(Dataset entries)
╭──
lemma sum_pairing_expand:
  "(\<Sum>k\<le>d. g k * (\<Sum>i\<in>I. c i * b i k)) = (\<Sum>i\<in>I. c i * pairing g (b i))"
proof -
  have "(\<Sum>k\<le>d. g k * (\<Sum>i\<in>I. c i * b i k)) = (\<Sum>k\<le>d. \<Sum>i\<in>I. c i * (g k * b i k))"
    by (simp add: sum_distrib_left mult.left_commute)
  also have "\<dots> = (\<Sum>i\<in>I. \<Sum>k\<le>d. c i * (g k * b i k))"
    by (rule sum.swap)
  finally show ?thesis by (simp add: pairing_def sum_distrib_left)
qed

lemma triangular_inj_on:
  fixes b :: "nat \<Rightarrow> nat \<Rightarrow> 'a::zero"
  assumes "\<forall>i\<le>d. b i i \<noteq> 0 \<and> (\<forall>k<i. b i k = 0)"
  shows "inj_on b {..d}"
proof (rule inj_onI, rule ccontr)
  fix i i' assume "i \<in> {..d}" "i' \<in> {..d}" "b i = b i'" "i \<noteq> i'"
  thus False using assms by (metis atMost_iff linorder_neqE_nat)
qed

lemma dual_basis:
  assumes basis: "\<forall>i\<le>d. b i \<in> M \<and> b i i \<noteq> 0 \<and> (\<forall>k<i. b i k = 0)"
    and span: "\<forall>u\<in>M. \<exists>c. (\<forall>i. absK (c i) \<le> 1) \<and> u = (\<Sum>i\<le>d. (\<lambda>k. c i * b i k))"
    and j: "j \<le> d"
  obtains g where "g \<in> dual_lattice M" "\<forall>i\<le>d. pairing g (b i) = (if i = j then 1 else 0)"
proof -
  obtain x where x: "\<forall>i\<le>d. (\<Sum>k\<le>d. b i k * x k) = (if i = j then 1 else 0)"
    using upper_triangular_solvable[of d b "\<lambda>i. if i = j then 1 else 0"] basis by auto
  define g where "g = (\<lambda>k. if k \<le> d then x k else 0)"
  have g: "\<forall>i\<le>d. pairing g (b i) = (if i = j then 1 else 0)"
    using x by (simp add: pairing_def g_def mult.commute)
  have "absK (pairing g u) \<le> 1" if "u \<in> M" for u
  proof -
    obtain c where c: "\<forall>i. absK (c i) \<le> 1" "u = (\<Sum>i\<le>d. (\<lambda>k. c i * b i k))"
      using span \<open>u \<in> M\<close> by blast
    have "pairing g u = (\<Sum>i\<le>d. c i * pairing g (b i))"
      unfolding c(2) using sum_pairing_expand[where g=g and I="{..d}" and c=c and b=b]
      by (simp add: pairing_def sum_fun_apply)
    also have "\<dots> = (\<Sum>i\<le>d. if i = j then c i else 0)" using g by (intro sum.cong) auto
    also have "\<dots> = c j" using j by simp
    finally show ?thesis using c(1) by simp
  qed
  hence "g \<in> dual_lattice M" unfolding dual_lattice_def Kvec_def g_def by auto
  thus ?thesis using that g by blast
qed

lemma triangular_coordinates_if_dual_integral:
  fixes j :: "'k \<Rightarrow> 'f::field" and w :: "'f \<Rightarrow> real" and y :: "nat \<Rightarrow> 'f"
  assumes M: "full_lattice M" and j: "field_hom j" and y: "\<forall>i>d. y i = 0"
    and hyp: "\<forall>f\<in>dual_lattice M. w (\<Sum>i\<le>d. j (f i) * y i) \<le> 1"
    and basis: "\<forall>i\<le>d. b i \<in> M \<and> b i i \<noteq> 0 \<and> (\<forall>k<i. b i k = 0)"
    and span: "\<forall>u\<in>M. \<exists>c. (\<forall>i. absK (c i) \<le> 1) \<and> u = (\<Sum>i\<le>d. (\<lambda>k. c i * b i k))"
  obtains c where "\<forall>i\<le>d. w (c i) \<le> 1" "y = (\<Sum>i\<le>d. (\<lambda>k. c i * j (b i k)))"
proof -
  obtain c where c: "\<forall>k\<le>d. (\<Sum>i\<le>d. j (b i k) * c i) = y k"
    using lower_triangular_solvable[of d "\<lambda>k i. j (b i k)" y] basis
    by (auto simp: field_hom_eq_0_iff[OF j] field_hom_0[OF j])
  have y_eq: "y = (\<Sum>i\<le>d. (\<lambda>k. c i * j (b i k)))"
  proof
    fix k
    show "y k = (\<Sum>i\<le>d. (\<lambda>k. c i * j (b i k))) k"
    proof (cases "k \<le> d")
      case False
      hence "\<forall>i\<le>d. b i k = 0" using basis full_lattice_Kvec[OF M] by auto
      thus ?thesis using y False by (simp add: sum_fun_apply field_hom_0[OF j])
    qed (use c in \<open>simp add: sum_fun_apply mult.commute\<close>)
  qed
  have "w (c i) \<le> 1" if i: "i \<le> d" for i
  proof -
    obtain g where g: "g \<in> dual_lattice M" "\<forall>i'\<le>d. pairing g (b i') = (if i' = i then 1 else 0)"
      using dual_basis[OF basis span i] by blast
    have "(\<Sum>k\<le>d. j (g k) * y k) = (\<Sum>k\<le>d. \<Sum>i'\<le>d. c i' * (j (g k) * j (b i' k)))"
      unfolding y_eq sum_fun_apply by (simp add: sum_distrib_left algebra_simps)
    also have "\<dots> = (\<Sum>i'\<le>d. \<Sum>k\<le>d. c i' * (j (g k) * j (b i' k)))"
      by (rule sum.swap)
    also have "\<dots> = (\<Sum>i'\<le>d. c i' * j (pairing g (b i')))"
      by (simp add: pairing_def sum_distrib_left field_hom_sum[OF j] field_hom_mult[OF j])
    also have "\<dots> = (\<Sum>i'\<le>d. if i' = i then c i' else 0)"
      using g(2) by (intro sum.cong) (auto simp: field_hom_0[OF j] field_hom_1[OF j])
    also have "\<dots> = c i" using i by simp
    finally show ?thesis using hyp g(1) by metis
  qed
  thus ?thesis using that y_eq by blast
qed

text \<open>With \<open>j = id\<close> this is double duality for full lattices; with \<open>j = \<iota>\<close> it says that the
  \<open>O\<close>-span of \<open>M\<close> is cut out by the dual lattice, which is how flatness of \<open>O\<close> over \<open>O_K\<close>
  enters below.\<close>

lemma integral_combination_if_dual_integral:
  fixes j :: "'k \<Rightarrow> 'f::field" and w :: "'f \<Rightarrow> real" and y :: "nat \<Rightarrow> 'f"
  assumes M: "full_lattice M" and j: "field_hom j" and y: "\<forall>i>d. y i = 0"
    and hyp: "\<forall>f\<in>dual_lattice M. w (\<Sum>i\<le>d. j (f i) * y i) \<le> 1"
  shows "\<exists>F c. finite F \<and> F \<subseteq> M \<and> (\<forall>s\<in>F. w (c s) \<le> 1) \<and> y = (\<Sum>s\<in>F. (\<lambda>i. c s * j (s i)))"
proof -
  obtain b where basis: "\<forall>i\<le>d. b i \<in> M \<and> b i i \<noteq> 0 \<and> (\<forall>k<i. b i k = 0)"
    and span: "\<forall>u\<in>M. \<exists>c. (\<forall>i. absK (c i) \<le> 1) \<and> u = (\<Sum>i\<le>d. (\<lambda>k. c i * b i k))"
    using full_lattice_triangular_basis[OF M] by blast
  obtain c where c_le: "\<forall>i\<le>d. w (c i) \<le> 1" and y_eq: "y = (\<Sum>i\<le>d. (\<lambda>k. c i * j (b i k)))"
    using triangular_coordinates_if_dual_integral[OF M j y hyp basis span] by blast
  have inj: "inj_on b {..d}" using triangular_inj_on basis by blast
  define c' where "c' = (\<lambda>s. c (the_inv_into {..d} b s))"
  have "(\<Sum>s\<in>b ` {..d}. (\<lambda>k. c' s * j (s k))) = (\<Sum>i\<le>d. (\<lambda>k. c i * j (b i k)))"
    using the_inv_into_f_f[OF inj] by (simp add: sum.reindex[OF inj] c'_def)
  moreover have "\<forall>s\<in>b ` {..d}. w (c' s) \<le> 1"
    using the_inv_into_f_f[OF inj] c_le by (auto simp: c'_def)
  ultimately show ?thesis using basis y_eq by (intro exI[of _ "b ` {..d}"] exI[of _ c']) auto
qed

lemma dual_dual_subset:
  assumes M: "full_lattice M"
  shows "dual_lattice (dual_lattice M) \<subseteq> M"
proof
  fix u assume u: "u \<in> dual_lattice (dual_lattice M)"
  have "\<forall>f\<in>dual_lattice M. absK (pairing f u) \<le> 1"
    using u unfolding dual_lattice_def by (simp add: pairing_commute[of u])
  hence "\<forall>f\<in>dual_lattice M. absK (\<Sum>i\<le>d. id (f i) * u i) \<le> 1"
    by (simp add: pairing_def)
  moreover have "\<forall>i>d. u i = 0" using u by (simp add: dual_lattice_def Kvec_def)
  ultimately obtain F c where "F \<subseteq> M" "\<forall>s\<in>F. absK (c s) \<le> 1" "u = (\<Sum>s\<in>F. (\<lambda>i. c s * id (s i)))"
    using integral_combination_if_dual_integral[OF M field_hom_id, of u absK] by auto
  thus "u \<in> M" using OK_submodule_sum[OF full_lattice_submodule[OF M], of F c "\<lambda>s. s"] by (simp add: subset_eq)
qed

lemma dual_lattice_antimono: "A \<subseteq> B \<Longrightarrow> dual_lattice B \<subseteq> dual_lattice A"
  unfolding dual_lattice_def by blast

lemma OK_submodule_dual_lattice: "OK_submodule (dual_lattice M)"
  unfolding OK_submodule_def
proof (intro conjI ballI allI impI)
  show "0 \<in> dual_lattice M" by (simp add: dual_lattice_def Kvec_def pairing_def)
  show "f + g \<in> dual_lattice M" if "f \<in> dual_lattice M" "g \<in> dual_lattice M" for f g
    using that unfolding dual_lattice_def Kvec_def by (simp add: pairing_add absK_add_le)
  show "(\<lambda>i. c * f i) \<in> dual_lattice M" if "absK c \<le> 1" "f \<in> dual_lattice M" for c f
    using that unfolding dual_lattice_def Kvec_def by (simp add: pairing_smult absK_mult_le_1)
qed

lemma exists_small_scalar: "\<exists>c. c \<noteq> 0 \<and> absK c * B \<le> 1"
proof -
  have "0 < inverse (max B 1)" by simp
  then obtain m where m: "q ^ m < inverse (max B 1)"
    using real_arch_pow_inv[OF _ q_less_1] by blast
  have "q ^ m * B \<le> q ^ m * max B 1" using q_pos by (intro mult_left_mono) auto
  also have "\<dots> \<le> inverse (max B 1) * max B 1" using m by (intro mult_right_mono) auto
  finally have "absK (piK ^ m) * B \<le> 1" by (simp add: absK_power)
  thus ?thesis using piK_nonzero by (intro exI[of _ "piK ^ m"]) simp
qed

lemma full_lattice_dual_lattice:
  assumes M: "full_lattice M"
  shows "full_lattice (dual_lattice M)"
proof -
  obtain c0 where c0: "c0 \<noteq> 0" "\<forall>i\<le>d. 0(i := c0) \<in> M" using full_lattice_basis_multiples[OF M] by blast
  have "absK (f i) \<le> inverse (absK c0)" if f: "f \<in> dual_lattice M" for f i
  proof (cases "i \<le> d")
    case True
    hence "absK (pairing f (0(i := c0))) \<le> 1" using f c0 by (auto simp: dual_lattice_def)
    thus ?thesis using True c0(1) nonarch_abs_pos[OF nonarch_absK, of c0]
      by (simp add: pairing_basis_vector absK_mult field_simps)
  qed (use f in \<open>simp add: dual_lattice_def Kvec_def\<close>)
  moreover obtain B where B: "\<forall>u\<in>M. \<forall>i. absK (u i) \<le> B" using full_lattice_bounded[OF M] by blast
  obtain c where c: "c \<noteq> 0" "absK c * B \<le> 1" using exists_small_scalar by blast
  have "0(i := c) \<in> dual_lattice M" if i: "i \<le> d" for i
  proof -
    have "absK (pairing (0(i := c)) u) \<le> 1" if "u \<in> M" for u
    proof -
      have "absK (pairing (0(i := c)) u) = absK c * absK (u i)"
        using i by (simp add: pairing_commute[of "0(i := c)"] pairing_basis_vector absK_mult)
      also have "\<dots> \<le> absK c * B" using B \<open>u \<in> M\<close> by (intro mult_left_mono) auto
      finally show ?thesis using c(2) by simp
    qed
    thus ?thesis using i by (simp add: dual_lattice_def Kvec_def)
  qed
  ultimately show ?thesis using c(1) OK_submodule_dual_lattice
    unfolding full_lattice_def by (auto simp: dual_lattice_def)
qed

lemma full_lattice_plus:
  assumes A: "full_lattice A" and B: "full_lattice B"
  shows "full_lattice (A + B)"
proof -
  obtain BA where BA: "\<forall>u\<in>A. \<forall>i. absK (u i) \<le> BA" using full_lattice_bounded[OF A] by blast
  obtain BB where BB: "\<forall>u\<in>B. \<forall>i. absK (u i) \<le> BB" using full_lattice_bounded[OF B] by blast
  have "A + B \<subseteq> Kvec"
  proof
    fix u assume "u \<in> A + B"
    then obtain a b where "u = a + b" "a \<in> A" "b \<in> B" by (auto elim!: set_plus_elim)
    thus "u \<in> Kvec"
      using full_lattice_Kvec[OF A, of a] full_lattice_Kvec[OF B, of b] by (simp add: Kvec_def)
  qed
  moreover have "\<forall>u\<in>A + B. \<forall>i. absK (u i) \<le> max BA BB"
  proof (intro ballI allI)
    fix u i assume "u \<in> A + B"
    then obtain a b where "u = a + b" "a \<in> A" "b \<in> B" by (auto elim!: set_plus_elim)
    moreover have "absK (a i) \<le> max BA BB" using BA \<open>a \<in> A\<close> by (simp add: le_max_iff_disj)
    moreover have "absK (b i) \<le> max BA BB" using BB \<open>b \<in> B\<close> by (simp add: le_max_iff_disj)
    ultimately
    show "absK (u i) \<le> max BA BB" by (simp add: absK_add_le)
  qed
  moreover have "A \<subseteq> A + B"
    using set_zero_plus2[OF OK_submodule_0[OF full_lattice_submodule[OF B]], of A] by (simp add: add.commute)
  moreover obtain c where "c \<noteq> 0" "\<forall>i\<le>d. 0(i := c) \<in> A"
    using full_lattice_basis_multiples[OF A] by blast
  ultimately show ?thesis
    using OK_submodule_plus[OF full_lattice_submodule[OF A] full_lattice_submodule[OF B]]
    unfolding full_lattice_def by blast
qed

lemma dual_lattice_Int:
  assumes U: "full_lattice U" and V: "full_lattice V"
  shows "dual_lattice (U \<inter> V) \<subseteq> dual_lattice U + dual_lattice V"
proof -
  let ?N = "dual_lattice U + dual_lattice V"
  have zero: "0 \<in> dual_lattice M" for M
    by (rule OK_submodule_0[OF OK_submodule_dual_lattice])
  have "dual_lattice U \<subseteq> ?N"
    using set_zero_plus2[OF zero, of "dual_lattice U" V] by (simp add: add.commute)
  hence "dual_lattice ?N \<subseteq> U"
    using dual_lattice_antimono dual_dual_subset[OF U] by blast
  moreover have "dual_lattice ?N \<subseteq> V"
    using set_zero_plus2[OF zero, of "dual_lattice V" U] dual_lattice_antimono dual_dual_subset[OF V]
    by blast
  ultimately have "dual_lattice (U \<inter> V) \<subseteq> dual_lattice (dual_lattice ?N)"
    unfolding dual_lattice_def by (auto simp: pairing_commute)
  also have "\<dots> \<subseteq> ?N"
    by (intro dual_dual_subset full_lattice_plus full_lattice_dual_lattice U V)
  finally show ?thesis .
qed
╰──
Task instructions: Among the lines above, which contain the word "inter"? Copy every one.

Answer below:
  shows "dual_lattice (U \<inter> V) \<subseteq> dual_lattice U + dual_lattice V"
  ultimately have "dual_lattice (U \<inter> V) \<subseteq> dual_lattice (dual_lattice ?N)"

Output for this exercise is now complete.